# Down the Park



## Furryanimal (Oct 16, 2018)

What was your favourite piece of play equipment down the park as a kid?And have you been tempted to go and try said ride out as an adult?


----------



## Aunt Bea (Oct 17, 2018)

I always liked these playground spinner contraptions, plenty of steel, sharp edges and peeling lead paint to make survival a challenge.

I have no desire to go back to the local playground.







The old swings would be a close second, they were always good for a clunk on the noggin!


----------



## Pappy (Oct 17, 2018)

This was always good for a broken bone or two.


----------



## hollydolly (Oct 17, 2018)

Furryanimal said:


> What was your favourite piece of play equipment down the park as a kid?And have you been tempted to go and try said ride out as an adult?
> View attachment 58044



That was my favourite... but due to H&S they no longer have those, so I couldn't be tempted to go on one even if I had the urge..


----------



## moviequeen1 (Oct 17, 2018)

Sorry,I don't have a picture,but I enjoyed going down a slide
When I was a volunteer at my church's early childhood daycare facility,the kids in my class always laughed when they saw me go down the slide. It took me a bit longer to get up then when I was their age LOL! Sue


----------



## Pappy (Oct 17, 2018)

moviequeen1 said:


> Sorry,I don't have a picture,but I enjoyed going down a slide
> When I was a volunteer at my church's early childhood daycare facility,the kids in my class always laughed when they saw me go down the slide. It took me a bit longer to get up then when I was their age LOL! Sue



Remember how hot those old metal slides got? Burned your rear and legs all the way to the bottom.


----------



## Wren (Oct 17, 2018)

I was a real wimp as a kid so the swings would’ve been about my limit, and not too high in case I fell off ! mg1:


----------



## RadishRose (Oct 17, 2018)

Swings! Yes I have used them several times as an adult.


----------



## CeeCee (Oct 17, 2018)

I liked the swings, seesaws, and the monkey bars.

Did not like the thing that goes around ...think Bea called it a spinner.


----------



## jujube (Oct 17, 2018)

Grandma used to save her wax paper bread wrappers for us to take to the park.  We'd slide down the metal slide a few times sitting on those wrappers and that slide would be slick as ice for a while.  And, yes, I do remember the smell of cooking flesh from sitting on hot metal playground equipment.


----------



## Olivia (Oct 17, 2018)

The maypole, definitely! I would swing on one again if  I could find one. The one I remember was all steal, high, and very sturdy. Loved it.


----------



## twinkles (Oct 17, 2018)

i remember getting on the merry go round things-- some big kids would come along and keep the thing spinning real fast so we couldnt get off---when we did get off we were pukey sick and dizzy and had to go home


----------



## moviequeen1 (Oct 17, 2018)

Pappy said:


> Remember how hot those old metal slides got?
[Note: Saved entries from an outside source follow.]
text \<open>Right non-degeneracy makes \<open>x \<bullet> y\<close> the unique arrow \<open>w\<close> with \<open>t w = s x\<close> and
\<open>\<sigma>(w, x) = (_, y)\<close>; involutivity then gives \<open>\<sigma>(x \<bullet> y, x) = (y \<bullet> x, y)\<close>.
For the cycloid identity apply the braid relation to \<open>(c, x \<bullet> y, x)\<close> with
\<open>c = (x \<bullet> y) \<bullet> (x \<bullet> z)\<close>: the second entry \<open>r\<close> of \<open>\<sigma>(c, y \<bullet> x)\<close> satisfies
\<open>\<sigma>(r, y) = (_, z)\<close>, so \<open>r = y \<bullet> z\<close> and hence \<open>c = (y \<bullet> x) \<bullet> (y \<bullet> z)\<close>.\<close>

lemma quiver_YB_mapD:
  assumes "quiver_YB_map A s t \<sigma>" "x \<in> A" "y \<in> A" "t x = s y"
  shows "fst (\<sigma> (x, y)) \<in> A" "snd (\<sigma> (x, y)) \<in> A"
    and "t (fst (\<sigma> (x, y))) = s (snd (\<sigma> (x, y)))"
    and "s (fst (\<sigma> (x, y))) = s x" "t (snd (\<sigma> (x, y))) = t y"
proof -
  have "(x, y) \<in> composable A s t"
    using assms unfolding composable_def by simp
  then have "\<sigma> (x, y) \<in> composable A s t \<and> s (fst (\<sigma> (x, y))) = s x \<and> t (snd (\<sigma> (x, y))) = t y"
    using assms(1) unfolding quiver_YB_map_def by fast
  then show "fst (\<sigma> (x, y)) \<in> A" "snd (\<sigma> (x, y)) \<in> A"
    and "t (fst (\<sigma> (x, y))) = s (snd (\<sigma> (x, y)))"
    and "s (fst (\<sigma> (x, y))) = s x" "t (snd (\<sigma> (x, y))) = t y"
    unfolding composable_def by (auto simp: case_prod_beta)
qed

lemma quiver_YB_map_braid:
  assumes "quiver_YB_map A s t \<sigma>" "x \<in> A" "y \<in> A" "z \<in> A" "t x = s y" "t y = s z"
  shows "sig12 \<sigma> (sig23 \<sigma> (sig12 \<sigma> (x, y, z))) = sig23 \<sigma> (sig12 \<sigma> (sig23 \<sigma> (x, y, z)))"
proof -
  have "(x, y, z) \<in> composable3 A s t"
    using assms unfolding composable3_def by simp
  then show ?thesis
    using assms(1) unfolding quiver_YB_map_def by fast
qed

lemma involutive_YBD:
  assumes "involutive_YB A s t \<sigma>" "x \<in> A" "y \<in> A" "t x = s y"
  shows "\<sigma> (\<sigma> (x, y)) = (x, y)"
  using assms unfolding involutive_YB_def composable_def by blast

lemma right_nondeg_YB_bij_betw:
  assumes "right_nondeg_YB A s t \<sigma>" "x \<in> A"
  shows "bij_betw (\<lambda>w. snd (\<sigma> (w, x))) {w \<in> A. t w = s x} {y \<in> A. t y = t x}"
  using assms unfolding right_nondeg_YB_def by blast

lemma yb_bullet_eq_None_iff:
  "yb_bullet A s t \<sigma> x y = None \<longleftrightarrow> \<not> (x \<in> A \<and> y \<in> A \<and> t x = t y)"
  unfolding yb_bullet_def by simp

lemma yb_bullet_eq_Some_iff:
  assumes "right_nondeg_YB A s t \<sigma>" "x \<in> A"
  shows "yb_bullet A s t \<sigma> x y = Some w \<longleftrightarrow> w \<in> A \<and> t w = s x \<and> snd (\<sigma> (w, x)) = y"
proof -
  let ?f = "\<lambda>w. snd (\<sigma> (w, x))" and ?S = "{w \<in> A. t w = s x}" and ?T = "{y \<in> A. t y = t x}"
  have bij: "bij_betw ?f ?S ?T"
    using right_nondeg_YB_bij_betw[OF assms] .
  show ?thesis
  proof
    assume "yb_bullet A s t \<sigma> x y = Some w"
    then have "y \<in> ?T" and w: "w = inv_into ?S ?f y"
      unfolding yb_bullet_def by (auto split: if_splits)
    then show "w \<in> A \<and> t w = s x \<and> snd (\<sigma> (w, x)) = y"
      using bij bij_betw_inv_into_right[OF bij] inv_into_into[of y ?f ?S]
      unfolding bij_betw_def by auto
  next
    assume w: "w \<in> A \<and> t w = s x \<and> snd (\<sigma> (w, x)) = y"
    then have "y \<in> ?T"
      using bij unfolding bij_betw_def by auto
    then show "yb_bullet A s t \<sigma> x y = Some w"
      using w bij_betw_inv_into_left[OF bij, of w] assms(2) unfolding yb_bullet_def by auto
  qed
qed

lemma yb_bullet_SomeE:
  assumes "right_nondeg_YB A s t \<sigma>" "yb_bullet A s t \<sigma> x y = Some w"
  obtains "x \<in> A" "y \<in> A" "t x = t y" "w \<in> A" "t w = s x" "snd (\<sigma> (w, x)) = y"
proof -
  have "x \<in> A \<and> y \<in> A \<and> t x = t y"
    using assms(2) unfolding yb_bullet_def by (auto split: if_splits)
  then show thesis
    using that yb_bullet_eq_Some_iff[OF assms(1)] assms(2) by blast
qed

lemma yb_bullet_exists:
  assumes "x \<in> A" "y \<in> A" "t x = t y"
  obtains w where "yb_bullet A s t \<sigma> x y = Some w"
  using assms that unfolding yb_bullet_def by simp

lemma sigma_yb_bullet:
  assumes Q: "quiver_YB_map A s t \<sigma>" and I: "involutive_YB A s t \<sigma>" and R: "right_nondeg_YB A s t \<sigma>"
    and xy: "yb_bullet A s t \<sigma> x y = Some w" and yx: "yb_bullet A s t \<sigma> y x = Some v"
  shows "\<sigma> (w, x) = (v, y)"
proof -
  obtain "x \<in> A" "y \<in> A" "w \<in> A" "t w = s x" and y: "snd (\<sigma> (w, x)) = y"
    using yb_bullet_SomeE[OF R xy] .
  define u where "u = fst (\<sigma> (w, x))"
  have sigma_wx: "\<sigma> (w, x) = (u, y)"
    using y unfolding u_def by (simp add: prod_eq_iff)
  have "u \<in> A" "t u = s y"
    using quiver_YB_mapD[OF Q \<open>w \<in> A\<close> \<open>x \<in> A\<close> \<open>t w = s x\<close>] y unfolding u_def by auto
  moreover have "\<sigma> (u, y) = (w, x)"
    using involutive_YBD[OF I \<open>w \<in> A\<close> \<open>x \<in> A\<close> \<open>t w = s x\<close>] sigma_wx by simp
  ultimately have "yb_bullet A s t \<sigma> y x = Some u"
    using yb_bullet_eq_Some_iff[OF R \<open>y \<in> A\<close>] by simp
  then show ?thesis
    using sigma_wx yx by simp
qed

lemma yb_bullet_cycloid:
  assumes Q: "quiver_YB_map A s t \<sigma>" and I: "involutive_YB A s t \<sigma>" and R: "right_nondeg_YB A s t \<sigma>"
    and xy: "yb_bullet A s t \<sigma> x y = Some a" and xz: "yb_bullet A s t \<sigma> x z = Some b"
    and ab: "yb_bullet A s t \<sigma> a b = Some c"
    and yx: "yb_bullet A s t \<sigma> y x = Some a'" and yz: "yb_bullet A s t \<sigma> y z = Some b'"
  shows "yb_bullet A s t \<sigma> a' b' = Some c"
proof -
  obtain "x \<in> A" "y \<in> A" "a \<in> A" "t a = s x"
    using yb_bullet_SomeE[OF R xy] .
  obtain "z \<in> A" "b \<in> A" "t x = t z"
    using yb_bullet_SomeE[OF R xz] .
  obtain "c \<in> A" "t c = s a"
    using yb_bullet_SomeE[OF R ab] .
  obtain "a' \<in> A" "t a' = s y" "s a = s a'"
    using yb_bullet_SomeE[OF R yx] quiver_YB_mapD(4)[OF Q \<open>a \<in> A\<close> \<open>x \<in> A\<close> \<open>t a = s x\<close>]
      sigma_yb_bullet[OF Q I R xy yx] by (metis fst_conv)
  obtain zx where zx: "yb_bullet A s t \<sigma> z x = Some zx"
    using yb_bullet_exists \<open>x \<in> A\<close> \<open>z \<in> A\<close> \<open>t x = t z\<close> by metis
  obtain ba where ba: "yb_bullet A s t \<sigma> b a = Some ba"
    using yb_bullet_exists \<open>a \<in> A\<close> \<open>b \<in> A\<close> yb_bullet_SomeE[OF R xz] \<open>t a = s x\<close> by metis
  define r where "r = snd (\<sigma> (c, a'))"
  have "r \<in> A" "t r = s y"
    using quiver_YB_mapD[OF Q \<open>c \<in> A\<close> \<open>a' \<in> A\<close>] \<open>t c = s a\<close> \<open>s a = s a'\<close> \<open>t a' = s y\<close>
    unfolding r_def by auto
  have "sig12 \<sigma> (sig23 \<sigma> (sig12 \<sigma> (c, a, x))) = (fst (\<sigma> (ba, zx)), snd (\<sigma> (ba, zx)), z)"
    using sigma_yb_bullet[OF Q I R ab ba] sigma_yb_bullet[OF Q I R xz zx]
    unfolding sig12_def sig23_def by simp
  moreover have "sig23 \<sigma> (sig12 \<sigma> (sig23 \<sigma> (c, a, x))) = (fst (\<sigma> (c, a')), \<sigma> (r, y))"
    using sigma_yb_bullet[OF Q I R xy yx] unfolding sig12_def sig23_def r_def by simp
  ultimately have "\<sigma> (r, y) = (snd (\<sigma> (ba, zx)), z)"
    using quiver_YB_map_braid[OF Q \<open>c \<in> A\<close> \<open>a \<in> A\<close> \<open>x \<in> A\<close> \<open>t c = s a\<close> \<open>t a = s x\<close>]
    by simp
  then have "yb_bullet A s t \<sigma> y z = Some r"
    using yb_bullet_eq_Some_iff[OF R \<open>y \<in> A\<close>] \<open>r \<in> A\<close> \<open>t r = s y\<close> by simp
  then have "r = b'"
    using yz by simp
  then show ?thesis
    using yb_bullet_eq_Some_iff[OF R \<open>a' \<in> A\<close>] \<open>c \<in> A\<close> \<open>t c = s a\<close> \<open>s a = s a'\<close>
    unfolding r_def by simp
qed
lemma Sinv_antipode_pair: "tt k (\<lambda>y. ss y G) = G k"
proof -
  have "tt k (\<lambda>y. ss y G) = pair (lin S (Sv k)) G" by (rule pair_lin_antipode)
  also have "\<dots> = G k" by (simp add: Sv_def)
  finally show ?thesis .
qed

lemma counit_Sinv: "tt k E = E k"
proof -
  have "tt k E = tt k (\<lambda>y. ss y E)" by (simp only: counit_antipode)
  then show ?thesis by (simp only: Sinv_antipode_pair)
qed

lemma dual_grouplike_iff:
  "dual_grouplike M U \<beta> \<longleftrightarrow> (\<forall>p q. mm p q \<beta> = \<beta> p * \<beta> q) \<and> uu \<beta> = 1"
proof -
  have "dcomult M \<beta> = tens \<beta> \<beta> \<longleftrightarrow> (\<forall>p q. mm q p \<beta> = \<beta> p * \<beta> q)"
    by (simp add: fun_eq_iff dcomult_def tens_def hmul_bas pair_commute)
  also have "\<dots> \<longleftrightarrow> (\<forall>p q. mm p q \<beta> = \<beta> p * \<beta> q)"
    by (metis mult.commute)
  finally show ?thesis
    by (simp add: dual_grouplike_def pair_commute)
qed

lemma dual_grouplike_counit: "dual_grouplike M U E"
  unfolding dual_grouplike_iff by (simp add: counit_mult counit_unit)

lemma dual_grouplike_conv:
  assumes "dual_grouplike M U f" "dual_grouplike M U g"
  shows "dual_grouplike M U (conv C f g)"
proof -
  have mf: "mm p q f = f p * f q" for p q using assms(1) unfolding dual_grouplike_iff by blast
  have mg: "mm p q g = g p * g q" for p q using assms(2) unfolding dual_grouplike_iff by blast
  have uf: "uu f = 1" using assms(1) unfolding dual_grouplike_iff by blast
  have ug: "uu g = 1" using assms(2) unfolding dual_grouplike_iff by blast
  have e: "\<And>a1 b1 a2 b2. f a1 * f b1 * (g a2 * g b2) = (f a1 * g a2) * (f b1 * g b2)"
    by (simp add: mult_ac)
  have "mm a b (conv C f g) = conv C f g a * conv C f g b" for a b
  proof -
    have "mm a b (conv C f g) = mm a b (\<lambda>x. dd x (\<lambda>p q. f p * g q))"
      by (simp only: conv_eq_pair2_fun)
    also have "\<dots> = dd a (\<lambda>a1 a2. dd b (\<lambda>b1 b2. (f a1 * g a2) * (f b1 * g b2)))"
      by (simp only: comult_mult pair_cmult pair_multc mf mg e)
    also have "\<dots> = conv C f g a * conv C f g b"
      by (simp only: pair2_cmult pair2_multc conv_eq_pair2)
    finally show ?thesis .
  qed
  moreover have "uu (conv C f g) = 1"
    by (simp only: conv_eq_pair2_fun comult_unit pair_cmult pair_multc uf ug mult_1_left)
  ultimately show ?thesis unfolding dual_grouplike_iff by blast
qed
lemma rank_set_in_square_packing:
  assumes "0 < al k" "al k \<le> be k"
  shows "real (card (rank_set al be E k \<inter> square c n))
    \<le> (real_of_int (2 * int n div (be k + 1)) + 1)^2 * (2 * real_of_int (al k) + 1)^2"
proof -
  let ?F = "rank_set al be E k \<inter> square c n" and ?M = "2 * int n div (be k + 1)"
  have M0: "0 \<le> ?M" using assms by (simp add: pos_imp_zdiv_nonneg_iff)
  have "clustered (al k) (be k) ?F" by (rule clustered_subset[OF clustered_rank_set]) blast
  hence "card ?F \<le> (nat ?M + 1)^2 * (2 * nat (al k) + 1)^2"
    using assms by (intro card_clustered_in_square) auto
  hence "real (card ?F) \<le> real ((nat ?M + 1)^2 * (2 * nat (al k) + 1)^2)"
    by (simp only: of_nat_le_iff)
  also have "\<dots> = (real_of_int ?M + 1)^2 * (2 * real_of_int (al k) + 1)^2"
    using M0 assms by (simp add: add.commute)
  finally show ?thesis .
qed

lemma rank_set_in_square_bound:
  assumes pos: "0 < al k" "al k \<le> be k"
  shows "real (card (rank_set al be E k \<inter> square c n))
    \<le> 81 * (real n)^2 * (real_of_int (al k) / real_of_int (be k))^2
       + (if affected al be E k c then 36 * (real_of_int (al k))^2 else 0)"
    (is "real (card ?F) \<le> ?main + ?extra")
proof -
  define M where "M = 2 * int n div (be k + 1)"
  have packing: "real (card ?F) \<le> (real_of_int M + 1)^2 * (2 * real_of_int (al k) + 1)^2"
    unfolding M_def using rank_set_in_square_packing[of al k be E c n] pos by simp
  have M0: "0 \<le> M" unfolding M_def using pos by (simp add: pos_imp_zdiv_nonneg_iff)
  have "(be k + 1) * M + 2 * int n mod (be k + 1) = 2 * int n"
    unfolding M_def by (metis mult_div_mod_eq)
  moreover have "0 \<le> 2 * int n mod (be k + 1)" using pos by simp
  ultimately have M_le_int: "(be k + 1) * M \<le> 2 * int n" by linarith
  hence "real_of_int ((be k + 1) * M) \<le> real_of_int (2 * int n)"
    by (simp only: of_int_le_iff)
  hence M_le: "(real_of_int (be k) + 1) * real_of_int M \<le> 2 * real n" by simp
  consider "?F = {}" | "int n \<le> be k" "?F \<noteq> {}" | "be k < int n" by linarith
  thus ?thesis
  proof cases
    case 1 thus ?thesis by simp
  next
    case 2
    then obtain q where q: "q \<in> rank_set al be E k" "dinf c q \<le> int n"
      unfolding square_def by blast
    have "dinf q c \<le> be k" using q(2) 2(1) unfolding dinf_def by (simp add: abs_minus_commute)
    hence "?extra = 36 * (real_of_int (al k))^2"
      using rank_set_near_affected[OF q(1)] by simp
    moreover have "M \<le> 1"
    proof (rule ccontr)
      assume "\<not> M \<le> 1"
      hence "(be k + 1) * 2 \<le> (be k + 1) * M" using pos by (intro mult_left_mono) auto
      moreover have "(be k + 1) * 2 = 2 * be k + 2" by simp
      ultimately show False using M_le_int 2(1) by linarith
    qed
    hence "(real_of_int M + 1)^2 * (2 * real_of_int (al k) + 1)^2 \<le> 36 * (real_of_int (al k))^2"
      using M0 pos by (intro cell_count_small) auto
    moreover have "0 \<le> ?main" by simp
    ultimately show ?thesis using packing by linarith
  next
    case 3
    have "(real_of_int M + 1)^2 * (2 * real_of_int (al k) + 1)^2 \<le> ?main"
      using M0 pos 3 M_le by (intro cell_count_large) auto
    moreover have "0 \<le> ?extra" by simp
    ultimately show ?thesis using packing by linarith
  qed
qed

lemma card_in_square_bound:
  fixes c :: pt and n :: nat
  assumes pos: "\<forall>k. 0 < al k \<and> al k \<le> be k" and sp: "sparse al be E"
  defines "D \<equiv> (\<Sum>k | affected al be E k c. 36 * (real_of_int (al k))^2)"
  shows "\<exists>N. real (card (E \<inter> square c n))
           \<le> 81 * (real n)^2 * (\<Sum>k<N. (real_of_int (al k) / real_of_int (be k))^2) + D"
proof -
  define K where "K = {k. affected al be E k c}"
  let ?extra = "\<lambda>k. if k \<in> K then 36 * (real_of_int (al k))^2 else 0"
  have "\<forall>p. finite {i. affected al be E i p}" using sp unfolding sparse_def by (rule conjunct2)
  hence finK: "finite K" unfolding K_def by (rule spec)
  obtain N where "E \<inter> square c n \<subseteq> (\<Union>k<N. rank_set al be E k)"
    using sparse_finite_region_removed[OF sp finite_square] by (rule exE)
  hence cover: "E \<inter> square c n \<subseteq> (\<Union>k<N. rank_set al be E k \<inter> square c n)" by auto
  have "card (E \<inter> square c n) \<le> card (\<Union>k<N. rank_set al be E k \<inter> square c n)"
    by (rule card_mono[OF _ cover]) (simp add: finite_square)
  also have "\<dots> \<le> (\<Sum>k<N. card (rank_set al be E k \<inter> square c n))"
    by (rule card_UN_le) simp
  finally have "real (card (E \<inter> square c n))
      \<le> (\<Sum>k<N. real (card (rank_set al be E k \<inter> square c n)))"
    by (simp flip: of_nat_sum)
  also have "\<dots> \<le> (\<Sum>k<N. 81 * (real n)^2 * (real_of_int (al k) / real_of_int (be k))^2
      + ?extra k)"
  proof (rule sum_mono)
    fix k
    show "real (card (rank_set al be E k \<inter> square c n))
        \<le> 81 * (real n)^2 * (real_of_int (al k) / real_of_int (be k))^2 + ?extra k"
      using rank_set_in_square_bound[of al k be E c n] pos unfolding K_def by simp
  qed
  also have "\<dots> = 81 * (real n)^2 * (\<Sum>k<N. (real_of_int (al k) / real_of_int (be k))^2)
      + (\<Sum>k\<in>{..<N} \<inter> K. 36 * (real_of_int (al k))^2)"
    by (simp add: sum.distrib sum_distrib_left sum.inter_restrict)
  also have "\<dots> \<le> 81 * (real n)^2 * (\<Sum>k<N. (real_of_int (al k) / real_of_int (be k))^2) + D"
  proof -
    have "(\<Sum>k\<in>{..<N} \<inter> K. 36 * (real_of_int (al k))^2) \<le> D"
      unfolding D_def K_def[symmetric] by (rule sum_mono2[OF finK]) auto
    thus ?thesis by linarith
  qed
  finally show ?thesis by (rule exI)
qed

(* Dividing by the area (2n+1)^2 >= 4n^2 of the square. *)
lemma divide_by_area:
  fixes x P D :: real and n :: nat
  assumes "x \<le> 81 * (real n)^2 * P + D" "0 \<le> P"
  shows "x / (2 * real n + 1)^2 \<le> 81/4 * P + D / (2 * real n + 1)^2"
proof -
  define s where "s = (2 * real n + 1)^2"
  have s0: "0 < s" unfolding s_def by (simp add: add_pos_nonneg)
  have "4 * (real n)^2 \<le> s" unfolding s_def by (simp add: power2_eq_square algebra_simps)
  hence "4 * (real n)^2 * P \<le> s * P" using assms(2) by (rule mult_right_mono)
  hence "x \<le> 81/4 * P * s + D" using assms(1) by (simp add: algebra_simps)
  hence "x / s \<le> (81/4 * P * s + D) / s" using s0 by (simp add: divide_right_mono)
  also have "\<dots> = 81/4 * P + D / s" using s0 by (simp add: add_divide_distrib)
  finally show ?thesis unfolding s_def .
qed

lemma density_in_square_bound:
  fixes c :: pt and n :: nat
  assumes "\<forall>k. 0 < al k \<and> al k \<le> be k" "sparse al be E"
  defines "D \<equiv> (\<Sum>k | affected al be E k c. 36 * (real_of_int (al k))^2)"
  shows "ennreal (real (card (E \<inter> square c n)) / (2 * real n + 1)^2)
    \<le> ennreal (81/4) * (\<Sum>k. ennreal ((real_of_int (al k) / real_of_int (be k))^2))
      + ennreal (D / (2 * real n + 1)^2)"
proof -
  define t where "t k = (real_of_int (al k) / real_of_int (be k))^2" for k
  obtain N where N: "real (card (E \<inter> square c n)) \<le> 81 * (real n)^2 * (\<Sum>k<N. t k) + D"
    using card_in_square_bound[OF assms(1,2), of c n] unfolding D_def t_def by (rule exE)
  have P0: "0 \<le> (\<Sum>k<N. t k)" and D0: "0 \<le> D"
    unfolding t_def D_def by (simp_all add: sum_nonneg)
  have "ennreal (real (card (E \<inter> square c n)) / (2 * real n + 1)^2)
      \<le> ennreal (81/4 * (\<Sum>k<N. t k) + D / (2 * real n + 1)^2)"
    by (rule ennreal_leI[OF divide_by_area[OF N P0]])
  also have "\<dots> = ennreal (81/4) * ennreal (\<Sum>k<N. t k) + ennreal (D / (2 * real n + 1)^2)"
    using P0 D0 by (subst ennreal_plus) (simp_all add: ennreal_mult[symmetric] del: ennreal_numeral)
  also have "\<dots> = ennreal (81/4) * (\<Sum>k<N. ennreal (t k)) + ennreal (D / (2 * real n + 1)^2)"
    unfolding t_def by simp
  also have "\<dots> \<le> ennreal (81/4) * (\<Sum>k. ennreal (t k)) + ennreal (D / (2 * real n + 1)^2)"
    by (intro add_right_mono mult_left_mono sum_le_suminf) auto
  finally show ?thesis unfolding t_def .
qed
theorem mainTheorem5:
  fixes N Q :: nat and P S :: "complex mat" and x :: "complex vec"
  assumes "N \<ge> 2" and "1 \<le> Q" and "Q < N"
    and "P \<in> carrier_mat N Q"
    and "x \<in> carrier_vec N"
    and "\<And>i. 1 \<le> i \<Longrightarrow> i \<le> Q \<Longrightarrow> x $ i \<noteq> 0"
    and "S \<in> carrier_mat Q Q" and "invertible_mat S"
  shows
    "(let X = diagm N (\<lambda>i. x $ i);
          J = {0..<N} \<union> (\<Union>m\<in>{2..Q}. {(m-1)*N ..< (m-1)*N + Q + 1});
          Pt = submatrix P {0..<Q+1} UNIV;
          Xt = diagm (Q+1) (\<lambda>i. x $ i);
          M1 = kron (1\<^sub>m Q) Xt;
          M2 = kron S (1\<^sub>m (Q+1));
          M3 = hcat (kron (1\<^sub>m Q) Pt) (submatrix (Dmat Pt) UNIV {1..<Q+1});
          M4 = bdiag (kron (mat_inv S) (1\<^sub>m Q)) (1\<^sub>m Q);
          M5 = bdiag (1\<^sub>m (Q^2)) (mat_inv (diagm Q (\<lambda>i. x $ (i+1))))
      in cmod (det (hcat (submatrix (kron (1\<^sub>m Q) (X * P)) J UNIV)
                         (submatrix (kron S (1\<^sub>m N) * Dmat P) J {1..<N})))
         = (\<Prod>j\<in>{Q+1..<N}. cmod (\<Sum>q<Q. S $$ (0,q) * P $$ (j,q)))
           * (cmod (det M1) * cmod (det M2) * cmod (det M3) * cmod (det M4) * cmod (det M5)))"
proof -
  note Q = assms(2) and N = assms(3) and P = assms(4) and x = assms(6)
    and S = assms(7) and S_inv = assms(8)
  define Pt where "Pt = submatrix P {0..<Q+1} UNIV"
  have Pt: "Pt \<in> carrier_mat (Q + 1) Q" by (rule carrier_matI) (use P N in \<open>simp_all add: Pt_def\<close>)
  have selection:
    "hcat (submatrix (kron (1\<^sub>m Q) (diagm N (\<lambda>i. x $ i) * P)) (selected_rows N Q) UNIV)
          (submatrix (kron S (1\<^sub>m N) * Dmat P) (selected_rows N Q) {1..<N})
     = submatrix (stack_mat Q N S (\<lambda>i. x $ i) P) (selected_rows N Q) UNIV"
    unfolding stack_mat_def submatrix_split[of "kron S (1\<^sub>m N) * Dmat P" "selected_rows N Q" "{1..<N}"]
    using P S by (intro hcat_submatrix_rows) simp
  have reduction: "cmod (det (submatrix (stack_mat Q N S (\<lambda>i. x $ i) P) (selected_rows N Q) UNIV))
      = (\<Prod>j\<in>{Q+1..<N}. cmod (\<Sum>q<Q. S $$ (0,q) * P $$ (j,q)))
        * cmod (det (stack_mat Q (Q + 1) S (\<lambda>i. x $ i) Pt))"
    using det_selected_rows[OF Q N S P] by (simp add: Pt_def)
  have factorization: "det (stack_mat Q (Q + 1) S (\<lambda>i. x $ i) Pt)
      = det (kron (1\<^sub>m Q) (diagm (Q + 1) (\<lambda>i. x $ i))) * det (kron S (1\<^sub>m (Q + 1)))
      * det (hcat (kron (1\<^sub>m Q) Pt) (submatrix (Dmat Pt) UNIV {1..<Q+1}))
      * det (bdiag (kron (mat_inv S) (1\<^sub>m Q)) (1\<^sub>m Q))
      * det (bdiag (1\<^sub>m (Q^2)) (mat_inv (diagm Q (\<lambda>i. x $ (i + 1)))))"
    by (rule det_stack_mat_factorization[OF S S_inv Pt]) (use x in auto)
  show ?thesis
    unfolding Let_def selected_rows_def[symmetric] Pt_def[symmetric] selection reduction factorization
    by (simp add: norm_mult)
qed

end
Burned your rear and legs all the way to the bottom.


 
absolutely,forgot about that Sue


----------



## Furryanimal (Oct 17, 2018)

CeeCee said:


> I liked the swings, seesaws, and the monkey bars.
> 
> Did not like the thing that goes around ...think Bea called it a spinner.


Yeah-we called them roundabouts.Liked to get them going really fast and then throw ourselves off!Madness...
Twinkles is talking about the same thing.


----------



## Furryanimal (Oct 17, 2018)

Olivia said:


> The maypole, definitely! I would swing on one again if  I could find one. The one I remember was all steal, high, and very sturdy. Loved it.
> 
> View attachment 58076


i remember those.Could never hang on for long.


----------



## Olivia (Oct 17, 2018)

Furryanimal said:


> i remember those.Could never hang on for long.



I should probably give it a second thought. I'm no longer eleven.


----------